-- Input for this task follows --

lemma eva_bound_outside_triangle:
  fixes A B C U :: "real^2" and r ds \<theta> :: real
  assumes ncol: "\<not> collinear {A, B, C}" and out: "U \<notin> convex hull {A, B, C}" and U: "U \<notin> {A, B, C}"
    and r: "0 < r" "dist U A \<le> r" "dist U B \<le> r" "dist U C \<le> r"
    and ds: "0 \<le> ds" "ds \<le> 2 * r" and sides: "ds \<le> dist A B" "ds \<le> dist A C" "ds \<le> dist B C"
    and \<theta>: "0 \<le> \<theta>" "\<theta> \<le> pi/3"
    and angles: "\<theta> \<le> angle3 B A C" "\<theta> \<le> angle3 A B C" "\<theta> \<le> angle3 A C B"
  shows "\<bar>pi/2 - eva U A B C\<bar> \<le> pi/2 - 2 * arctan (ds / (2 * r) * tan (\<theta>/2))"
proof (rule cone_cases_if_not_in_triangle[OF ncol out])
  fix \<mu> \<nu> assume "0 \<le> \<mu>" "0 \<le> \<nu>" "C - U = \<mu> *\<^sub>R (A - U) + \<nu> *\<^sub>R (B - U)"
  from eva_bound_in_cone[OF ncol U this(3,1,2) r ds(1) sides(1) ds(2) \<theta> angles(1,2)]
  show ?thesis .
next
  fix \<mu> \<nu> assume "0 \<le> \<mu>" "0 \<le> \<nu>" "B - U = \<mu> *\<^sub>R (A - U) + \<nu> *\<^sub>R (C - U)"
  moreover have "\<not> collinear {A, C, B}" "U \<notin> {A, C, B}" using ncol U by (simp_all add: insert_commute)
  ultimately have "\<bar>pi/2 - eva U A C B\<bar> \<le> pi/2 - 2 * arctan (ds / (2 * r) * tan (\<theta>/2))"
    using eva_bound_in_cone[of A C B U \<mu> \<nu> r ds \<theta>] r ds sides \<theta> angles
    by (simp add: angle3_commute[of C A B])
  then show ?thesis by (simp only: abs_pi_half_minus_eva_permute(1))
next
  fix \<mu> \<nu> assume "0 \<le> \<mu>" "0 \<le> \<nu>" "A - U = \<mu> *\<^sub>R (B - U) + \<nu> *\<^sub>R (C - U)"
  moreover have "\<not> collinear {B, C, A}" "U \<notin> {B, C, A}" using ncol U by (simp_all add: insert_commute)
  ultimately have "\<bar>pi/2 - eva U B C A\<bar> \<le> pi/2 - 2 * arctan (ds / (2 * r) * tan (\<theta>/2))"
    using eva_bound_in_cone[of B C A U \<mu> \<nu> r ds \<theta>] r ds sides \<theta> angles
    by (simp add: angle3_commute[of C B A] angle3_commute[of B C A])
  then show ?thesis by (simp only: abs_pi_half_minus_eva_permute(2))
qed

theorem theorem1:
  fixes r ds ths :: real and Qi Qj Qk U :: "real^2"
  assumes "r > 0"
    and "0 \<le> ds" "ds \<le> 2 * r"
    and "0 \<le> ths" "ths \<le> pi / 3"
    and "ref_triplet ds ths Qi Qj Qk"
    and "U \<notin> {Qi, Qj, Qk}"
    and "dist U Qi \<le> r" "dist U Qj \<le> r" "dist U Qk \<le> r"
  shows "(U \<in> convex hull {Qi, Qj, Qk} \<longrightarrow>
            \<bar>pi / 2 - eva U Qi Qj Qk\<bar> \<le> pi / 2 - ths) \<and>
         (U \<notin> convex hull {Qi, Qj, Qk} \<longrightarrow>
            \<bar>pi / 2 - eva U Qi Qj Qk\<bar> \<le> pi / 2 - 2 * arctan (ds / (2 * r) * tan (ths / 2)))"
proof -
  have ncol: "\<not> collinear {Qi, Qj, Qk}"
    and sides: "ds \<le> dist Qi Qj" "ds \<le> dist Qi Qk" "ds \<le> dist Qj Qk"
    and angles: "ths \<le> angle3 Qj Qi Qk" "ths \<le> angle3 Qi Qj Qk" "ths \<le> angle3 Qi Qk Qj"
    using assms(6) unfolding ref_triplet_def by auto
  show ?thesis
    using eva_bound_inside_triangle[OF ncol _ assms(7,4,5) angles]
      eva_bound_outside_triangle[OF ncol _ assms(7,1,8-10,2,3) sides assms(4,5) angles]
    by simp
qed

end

-- Input for this task concluded --
-- Input for this task follows --

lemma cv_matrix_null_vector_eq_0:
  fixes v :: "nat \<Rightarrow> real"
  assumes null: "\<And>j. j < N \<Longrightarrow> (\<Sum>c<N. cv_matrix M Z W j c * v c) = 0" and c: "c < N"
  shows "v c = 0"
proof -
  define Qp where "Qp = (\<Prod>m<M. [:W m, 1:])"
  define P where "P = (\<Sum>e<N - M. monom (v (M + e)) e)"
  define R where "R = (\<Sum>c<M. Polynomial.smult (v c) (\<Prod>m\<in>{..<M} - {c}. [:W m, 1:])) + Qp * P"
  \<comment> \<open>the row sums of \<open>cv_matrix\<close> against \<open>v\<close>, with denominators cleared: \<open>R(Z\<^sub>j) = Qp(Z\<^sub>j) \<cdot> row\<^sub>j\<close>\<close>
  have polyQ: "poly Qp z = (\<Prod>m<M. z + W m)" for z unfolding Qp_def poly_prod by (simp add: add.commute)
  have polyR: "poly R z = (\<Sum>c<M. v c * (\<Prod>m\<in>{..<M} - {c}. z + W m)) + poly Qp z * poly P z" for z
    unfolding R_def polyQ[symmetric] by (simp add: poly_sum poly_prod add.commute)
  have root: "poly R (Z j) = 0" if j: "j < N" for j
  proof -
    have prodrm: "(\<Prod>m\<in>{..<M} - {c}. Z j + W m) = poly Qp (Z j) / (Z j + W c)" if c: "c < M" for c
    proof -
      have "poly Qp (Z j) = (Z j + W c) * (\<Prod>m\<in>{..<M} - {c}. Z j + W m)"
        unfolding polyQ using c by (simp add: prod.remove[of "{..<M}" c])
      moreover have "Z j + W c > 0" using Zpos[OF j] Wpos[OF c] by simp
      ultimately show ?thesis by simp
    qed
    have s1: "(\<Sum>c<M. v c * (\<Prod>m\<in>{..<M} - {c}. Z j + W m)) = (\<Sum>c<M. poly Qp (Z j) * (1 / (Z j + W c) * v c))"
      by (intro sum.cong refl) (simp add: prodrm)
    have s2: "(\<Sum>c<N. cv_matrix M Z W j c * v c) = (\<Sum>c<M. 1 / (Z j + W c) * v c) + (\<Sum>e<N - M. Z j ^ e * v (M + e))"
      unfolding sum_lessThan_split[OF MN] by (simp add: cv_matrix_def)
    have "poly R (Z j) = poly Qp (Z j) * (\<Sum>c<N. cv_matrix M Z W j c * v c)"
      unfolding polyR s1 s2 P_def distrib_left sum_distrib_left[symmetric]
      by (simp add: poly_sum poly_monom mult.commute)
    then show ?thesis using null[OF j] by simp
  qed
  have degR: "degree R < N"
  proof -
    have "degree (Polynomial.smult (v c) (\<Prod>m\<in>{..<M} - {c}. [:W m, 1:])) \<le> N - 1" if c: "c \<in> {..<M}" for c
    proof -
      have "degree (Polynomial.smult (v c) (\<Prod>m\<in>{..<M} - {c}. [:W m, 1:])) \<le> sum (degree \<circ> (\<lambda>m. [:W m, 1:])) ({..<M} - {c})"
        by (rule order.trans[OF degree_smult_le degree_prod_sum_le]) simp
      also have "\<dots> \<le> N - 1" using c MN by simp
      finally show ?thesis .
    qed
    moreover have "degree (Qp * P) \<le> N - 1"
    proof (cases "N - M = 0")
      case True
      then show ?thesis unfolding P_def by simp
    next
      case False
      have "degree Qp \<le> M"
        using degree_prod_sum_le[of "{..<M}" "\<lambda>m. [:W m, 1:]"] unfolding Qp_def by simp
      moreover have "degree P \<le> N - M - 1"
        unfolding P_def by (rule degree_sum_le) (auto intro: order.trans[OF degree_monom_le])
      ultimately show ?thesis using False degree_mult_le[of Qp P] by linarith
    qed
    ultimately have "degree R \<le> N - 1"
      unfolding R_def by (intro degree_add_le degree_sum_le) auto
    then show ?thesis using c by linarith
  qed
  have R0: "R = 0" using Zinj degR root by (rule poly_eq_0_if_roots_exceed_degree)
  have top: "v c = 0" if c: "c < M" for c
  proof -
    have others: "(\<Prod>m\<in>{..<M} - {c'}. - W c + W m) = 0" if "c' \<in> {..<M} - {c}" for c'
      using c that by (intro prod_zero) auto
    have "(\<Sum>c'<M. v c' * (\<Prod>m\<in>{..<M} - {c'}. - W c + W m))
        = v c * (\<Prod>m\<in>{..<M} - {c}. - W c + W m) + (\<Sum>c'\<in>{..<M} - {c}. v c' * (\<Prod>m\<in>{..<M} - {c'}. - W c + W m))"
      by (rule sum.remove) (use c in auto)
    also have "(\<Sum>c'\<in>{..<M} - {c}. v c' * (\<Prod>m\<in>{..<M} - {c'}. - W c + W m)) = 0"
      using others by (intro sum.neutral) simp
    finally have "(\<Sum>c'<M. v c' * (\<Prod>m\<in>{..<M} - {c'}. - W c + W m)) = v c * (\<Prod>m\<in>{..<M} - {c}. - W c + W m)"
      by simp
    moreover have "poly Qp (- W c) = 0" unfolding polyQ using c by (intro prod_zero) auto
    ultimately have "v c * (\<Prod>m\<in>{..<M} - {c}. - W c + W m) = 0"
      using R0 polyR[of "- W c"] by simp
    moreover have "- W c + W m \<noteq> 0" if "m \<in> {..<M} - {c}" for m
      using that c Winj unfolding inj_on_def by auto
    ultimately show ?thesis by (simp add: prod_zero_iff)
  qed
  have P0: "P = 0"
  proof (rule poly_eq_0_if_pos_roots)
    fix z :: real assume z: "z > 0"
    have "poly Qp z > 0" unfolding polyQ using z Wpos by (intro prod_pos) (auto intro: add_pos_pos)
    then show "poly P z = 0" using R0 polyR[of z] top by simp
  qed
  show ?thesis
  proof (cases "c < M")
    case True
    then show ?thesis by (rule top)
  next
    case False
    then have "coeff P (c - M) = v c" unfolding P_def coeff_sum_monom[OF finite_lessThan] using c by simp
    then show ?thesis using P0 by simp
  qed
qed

-- Input for this task concluded --

** How to complete this task **
In the records, how many lines have the word "notin" in them? Only the number is needed.

** Task response **
5